Step Types¶
Workflows are built from steps, each of which performs a specific action. GloriaMundo supports the following step types.
See step types in action
Browse the use-case library for real workflow examples demonstrating each step type.
Integration¶
Connect to hundreds of external apps.
Integration steps use Composio to interact with external services like Gmail, Slack, Google Sheets, HubSpot, and more. Each integration step executes a specific action (e.g., send an email, create a contact, fetch spreadsheet data).
- Requires an OAuth or API key connection to the target app
- Parameters are mapped automatically from your prompt
- Supports template variables:
{{trigger.field_name}}or{{step_id.field}}
Example Actions¶
GMAIL_SEND_EMAIL— Send an email via GmailSLACK_SEND_MESSAGE— Post a message to a Slack channelGOOGLESHEETS_READ_ROWS— Read data from a Google SheetHUBSPOT_CREATE_CONTACT— Create a new contact in HubSpot
LLM (AI Reasoning)¶
Use AI models for reasoning, generation, and transformation.

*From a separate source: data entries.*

lemma pochhammer_mono:
  fixes a b :: "'a :: linordered_semidom"
  assumes "0 < a" "a \<le> b"
  shows "pochhammer a k \<le> pochhammer b k"
proof (induction k)
  case (Suc k)
  have "0 \<le> pochhammer a k"
    using assms(1) by (rule pochhammer_nonneg)
  then show ?case
    using Suc.IH assms unfolding pochhammer_Suc by (intro mult_mono) auto
qed simp

lemma summable_hyp1F1_one:
  assumes "b \<ge> 1"
  shows "summable (\<lambda>k. pochhammer 1 k / pochhammer b k * (z :: real) ^ k / fact k)"
proof (rule summable_comparison_test'[OF summable_exp[of "\<bar>z\<bar>"]])
  fix k
  have "pochhammer 1 k \<le> pochhammer b k" "0 < pochhammer (1 :: real) k" "0 < pochhammer b k"
    using assms pochhammer_mono[of 1 b k] pochhammer_pos[of "1 :: real" k] pochhammer_pos[of b k] by auto
  then have "norm (pochhammer 1 k / pochhammer b k * z ^ k / fact k)
      = pochhammer 1 k / pochhammer b k * (inverse (fact k) * \<bar>z\<bar> ^ k)"
    by (simp add: abs_mult power_abs divide_inverse)
  also have "\<dots> \<le> 1 * (inverse (fact k) * \<bar>z\<bar> ^ k)"
    using \<open>pochhammer 1 k \<le> pochhammer b k\<close> \<open>0 < pochhammer b k\<close> by (intro mult_right_mono) auto
  finally show "norm (pochhammer 1 k / pochhammer b k * z ^ k / fact k) \<le> inverse (fact k) * \<bar>z\<bar> ^ k"
    by simp
qed

lemma sums_diagonal_Tannery:
  fixes G :: "nat \<Rightarrow> nat \<Rightarrow> 'a :: {real_normed_algebra, banach}"
  assumes sums: "\<And>k. G k sums b k"
    and bound: "\<And>k n. norm (\<Sum>l<n. G k l) \<le> M k"
    and "summable M"
  shows "(\<lambda>i. \<Sum>k\<le>i. G k (i - k)) sums (\<Sum>k. b k)"
proof -
  define a where "a k n = (\<Sum>l<n - k. G k l)" for k n
  have "(\<lambda>n. a k n) \<longlonglongrightarrow> b k" for k
  proof (rule LIMSEQ_offset[of _ k])
    show "(\<lambda>n. a k (n + k)) \<longlonglongrightarrow> b k"
      using sums[of k] by (simp add: a_def sums_def)
  qed
  moreover have "\<forall>\<^sub>F (k, n) in at_top \<times>\<^sub>F sequentially. norm (a k n) \<le> M k"
    by (intro always_eventually) (auto simp: a_def bound)
  ultimately have "(\<lambda>n. \<Sum>k. a k n) \<longlonglongrightarrow> (\<Sum>k. b k)"
    using tannerys_theorem[of a b sequentially M] \<open>summable M\<close> by simp
  moreover have "(\<Sum>k. a k n) = (\<Sum>i<n. \<Sum>k\<le>i. G k (i - k))" for n
  proof -
    have "(\<Sum>k. a k n) = (\<Sum>k<n. \<Sum>l<n - k. G k l)"
      by (subst suminf_finite[of "{..<n}"]) (auto simp: a_def)
    also have "\<dots> = (\<Sum>(k, l) \<in> {(k, l). k + l < n}. G k l)"
      by (subst sum.Sigma) (auto intro!: sum.cong)
    also have "\<dots> = (\<Sum>i<n. \<Sum>k\<le>i. G k (i - k))"
      by (rule sum.triangle_reindex)
    finally show ?thesis .
  qed
  ultimately show ?thesis
    by (simp add: sums_def)
qed

definition koorn_c :: "real \<Rightarrow> nat \<Rightarrow> real" where
  "koorn_c \<alpha> l = (-1) ^ l * ((\<alpha> + 2) gchoose l) * pochhammer (\<alpha> + 3) l"

lemma koorn_c_0 [simp]: "koorn_c \<alpha> 0 = 1"
  by (simp add: koorn_c_def)

lemma koorn_c_pochhammer: "koorn_c \<alpha> l = pochhammer (- \<alpha> - 2) l * pochhammer (\<alpha> + 3) l / fact l"
  by (simp add: koorn_c_def gbinomial_pochhammer power_mult_distrib[symmetric])

lemma koorn_c_Suc:
  "real (Suc l) * koorn_c \<alpha> (Suc l) = (real l - \<alpha> - 2) * (real l + \<alpha> + 3) * koorn_c \<alpha> l"
  unfolding koorn_c_pochhammer by (simp add: pochhammer_Suc divide_simps) (simp add: algebra_simps)

lemma koorn_a_conv_koorn_c:
  "koorn_a \<alpha> i x = - (\<Sum>j=1..i. ((\<alpha> + 1) gchoose (j - 1)) * koorn_c \<alpha> (i - j) * x ^ j) / fact i"
proof -
  have "(-1::real) ^ (i + j + 1) = - ((-1) ^ (i - j))" if "j \<le> i" for j
  proof -
    obtain t where "i = j + t" using \<open>j \<le> i\<close> le_Suc_ex by blast
    then show ?thesis by (simp add: power_add power_mult_distrib[symmetric])
  qed
  then show ?thesis
    unfolding koorn_a_def koorn_c_def
    by (auto simp: sum_negf[symmetric] intro!: sum.cong)
qed

text \<open>\<open>(-1)^n (\<alpha>+2 gchoose n) \<sim> n^(-\<alpha>-3) / \<Gamma>(-\<alpha>-2)\<close> and
  \<open>pochhammer (\<alpha>+3) n / n! \<sim> n^(\<alpha>+2) / \<Gamma>(\<alpha>+3)\<close>; Euler's reflection formula turns the product
  of the two reciprocal Gamma values into a sine.\<close>
lemma koorn_c_asymptotics: "(\<lambda>n. real n * koorn_c \<alpha> n / fact n) \<longlonglongrightarrow> - sin (pi * \<alpha>) / pi"
proof -
  let ?A = "\<lambda>n. ((\<alpha> + 2) gchoose n) / ((-1) ^ n / exp ((\<alpha> + 2 + 1) * of_real (ln (real n))))"
  let ?B = "\<lambda>n. ((\<alpha> + 2 + real n) gchoose n) * exp (- (\<alpha> + 2) * of_real (ln (real n)))"
  have "?A \<longlonglongrightarrow> inverse (Gamma (- (\<alpha> + 2)))"
    by (rule gbinomial_asymptotic)
  moreover have "?B \<longlonglongrightarrow> rGamma (\<alpha> + 2 + 1)"
    by (rule Gamma_gbinomial)
  ultimately have "(\<lambda>n. ?A n * ?B n) \<longlonglongrightarrow> inverse (Gamma (- (\<alpha> + 2))) * rGamma (\<alpha> + 2 + 1)"
    by (rule tendsto_mult)
  also have "inverse (Gamma (- (\<alpha> + 2))) * rGamma (\<alpha> + 2 + 1) = rGamma (\<alpha> + 3) * rGamma (1 - (\<alpha> + 3))"
    by (simp add: rGamma_inverse_Gamma algebra_simps)
  also have "\<dots> = sin (pi * \<alpha> + pi + pi + pi) / pi"
    using rGamma_reflection_real[of "\<alpha> + 3"] by (simp add: algebra_simps)
  also have "\<dots> = - sin (pi * \<alpha>) / pi"
    by (simp only: sin_periodic_pi minus_minus)
  finally have lim: "(\<lambda>n. ?A n * ?B n) \<longlonglongrightarrow> - sin (pi * \<alpha>) / pi" .
  have "?A n * ?B n = real n * koorn_c \<alpha> n / fact n" if "n > 0" for n
  proof -
    have "exp ((\<alpha> + 2 + 1) * ln (real n)) * exp (- (\<alpha> + 2) * ln (real n)) = real n"
      using that by (simp add: exp_add[symmetric] algebra_simps)
    moreover have "((\<alpha> + 2 + real n) gchoose n) = pochhammer (\<alpha> + 3) n / fact n"
      by (simp add: gbinomial_pochhammer' add_ac)
    moreover have "1 / (-1::real) ^ n = (-1) ^ n"
      by (simp add: power_one_over[symmetric])
    ultimately show ?thesis
      unfolding koorn_c_def by (simp add: field_simps)
  qed
  then show ?thesis
    by (rule Lim_transform_eventually[OF lim eventually_mono[OF eventually_gt_at_top[of 0]]])
qed

lemma koorn_c_bound: "\<exists>K>0. \<forall>l. \<bar>koorn_c \<alpha> l\<bar> / fact l \<le> K / (real l + 1)"
proof -
  have "Bseq (\<lambda>n. real n * koorn_c \<alpha> n / fact n)"
    using koorn_c_asymptotics by (blast intro: convergent_imp_Bseq convergentI)
  then obtain K where K: "K > 0" "\<And>n. \<bar>real n * koorn_c \<alpha> n / fact n\<bar> \<le> K"
    by (auto simp: Bseq_def)
  have "\<bar>koorn_c \<alpha> l\<bar> / fact l \<le> (1 + 2 * K) / (real l + 1)" for l
  proof (cases "l = 0")
    case False
    then have "1 \<le> real l"
      by simp
    then have "K \<le> K * real l"
      using K(1) by simp
    have "\<bar>koorn_c \<alpha> l\<bar> / fact l \<le> K / real l"
      using K(2)[of l] \<open>1 \<le> real l\<close> by (simp add: field_simps abs_mult)
    also have "\<dots> \<le> (1 + 2 * K) / (real l + 1)"
      using \<open>1 \<le> real l\<close> \<open>K \<le> K * real l\<close> by (simp add: field_simps)
    finally show ?thesis .
  qed (use K in simp)
  then show ?thesis
    using K(1) by (intro exI[of _ "1 + 2 * K"]) auto
qed

lemma koorn_c_telescope:
  "(\<Sum>l<n. real j * koorn_c \<alpha> l / fact (j + l)
          - (real j + \<alpha> + 3) * (real j - \<alpha> - 2) * koorn_c \<alpha> l / fact (j + 1 + l))
   = - real n * koorn_c \<alpha> n / fact (j + n)"
proof -
  define f where "f l = - real l * koorn_c \<alpha> l / fact (j + l)" for l
  have "real j * koorn_c \<alpha> l / fact (j + l)
          - (real j + \<alpha> + 3) * (real j - \<alpha> - 2) * koorn_c \<alpha> l / fact (j + 1 + l)
        = f (Suc l) - f l" for l
  proof -
    define F where "F = (fact (j + l) :: real)"
    define G where "G = real j + real l + 1"
    have "fact (j + Suc l) = G * F" "fact (j + 1 + l) = G * F"
      by (simp_all add: F_def G_def algebra_simps)
    moreover have "F \<noteq> 0" "G \<noteq> 0"
      by (simp_all add: F_def G_def)
    ultimately show ?thesis
      unfolding f_def mult_minus_left koorn_c_Suc F_def[symmetric]
      by (simp add: field_simps) (simp add: G_def algebra_simps)
  qed
  then have "(\<Sum>l<n. real j * koorn_c \<alpha> l / fact (j + l)
          - (real j + \<alpha> + 3) * (real j - \<alpha> - 2) * koorn_c \<alpha> l / fact (j + 1 + l))
        = (\<Sum>l<n. f (Suc l) - f l)"
    by (simp only:)
  also have "\<dots> = f n - f 0"
    by (rule sum_lessThan_telescope)
  finally show ?thesis
    by (simp add: f_def)
qed

definition koorn_U :: "real \<Rightarrow> nat \<Rightarrow> real" where
  "koorn_U \<alpha> j = (\<Sum>l. koorn_c \<alpha> l / fact (j + l))"

lemma summable_abs_koorn_U:
  assumes "j \<ge> 1"
  shows "summable (\<lambda>l. \<bar>koorn_c \<alpha> l\<bar> / fact (j + l))"
proof -
  obtain K where K: "\<And>l. \<bar>koorn_c \<alpha> l\<bar> / fact l \<le> K / (real l + 1)"
    using koorn_c_bound by blast
  have bound: "\<bar>koorn_c \<alpha> l\<bar> / fact (j + l) \<le> K * inverse (real (Suc l) ^ 2)" for l
  proof -
    have "fact (Suc l) \<le> (fact (j + l) :: real)"
      using assms by (intro fact_mono) simp
    then have "\<bar>koorn_c \<alpha> l\<bar> / fact (j + l) \<le> \<bar>koorn_c \<alpha> l\<bar> / fact (Suc l)"
      by (intro divide_left_mono) auto
    also have "\<dots> = (\<bar>koorn_c \<alpha> l\<bar> / fact l) / (real l + 1)"
      by (simp add: field_simps)
    also have "\<dots> \<le> K / (real l + 1) / (real l + 1)"
      using K[of l] by (intro divide_right_mono) auto
    finally show ?thesis
      by (simp add: field_simps power2_eq_square)
  qed
  have "summable (\<lambda>l. inverse (real l ^ 2))"
    by (rule inverse_power_summable) simp
  then have "summable (\<lambda>l. K * inverse (real (Suc l) ^ 2))"
    by (subst (asm) summable_Suc_iff[symmetric]) (rule summable_mult)
  then show ?thesis
    by (rule summable_comparison_test') (use bound in simp)
qed

lemma koorn_U_sums:
  assumes "j \<ge> 1"
  shows "(\<lambda>l. koorn_c \<alpha> l / fact (j + l)) sums koorn_U \<alpha> j"
proof -
  have "summable (\<lambda>l. \<bar>koorn_c \<alpha> l / fact (j + l)\<bar>)"
    using summable_abs_koorn_U[OF assms] by simp
  then show ?thesis
    unfolding koorn_U_def by (rule summable_sums[OF summable_rabs_cancel])
qed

LLM steps send a prompt to a language model and return the response. Use them for:
- Summarising content
- Drafting emails or messages
- Analysing sentiment
- Extracting structured data from text
- Making decisions based on context
Configuration¶
- Prompt — The instruction for the AI model
- Model — Optionally override the model used for this step (defaults to your preset's writer model)
- Parameters — Temperature, max tokens, and other model settings
Code¶
Run custom Python in a secure sandbox.
Code steps execute Python code in an isolated E2B sandbox environment. Use them for data transformation, calculations, or any logic that's easier to express as code.
Key Details¶
- Code runs in an isolated environment — it cannot access your local machine
- For single-input steps, access previous step data via the
input_datavariable - For multi-input steps, use
input_1,input_2, etc. - The step output is the return value of the code (or the last expression)
- Test your code directly in the editor with mock values using the Test button
Example¶
# Filter emails from the last 24 hours
from datetime import datetime, timedelta
cutoff = datetime.now() - timedelta(hours=24)
recent = [e for e in input_data if e['date'] > cutoff.isoformat()]
{"count": len(recent), "emails": recent}
Conditional¶
Branch your workflow based on conditions.
Conditional steps evaluate a condition and route execution accordingly. Use them for:
- Filtering data (only proceed if certain criteria are met)
- Branching logic (do X if true, Y if false)
- Error handling (check if a previous step succeeded)
Configuration¶
- Condition — A string expression evaluated against available step data
- Parameters — Values to compare against
Agent (Sub-Agent)¶
Spawn a child workflow for complex sub-tasks.
Agent steps create a sub-workflow that runs independently within the parent workflow. Use them for:
- Tasks that need focused, multi-step reasoning
- Generating multiple perspectives on a topic
- Deep exploration of a subject
Configuration¶
- Objective — What the sub-agent should accomplish
- Budget limit — Maximum spend in dollars for this sub-agent (default $1.00, up to $100)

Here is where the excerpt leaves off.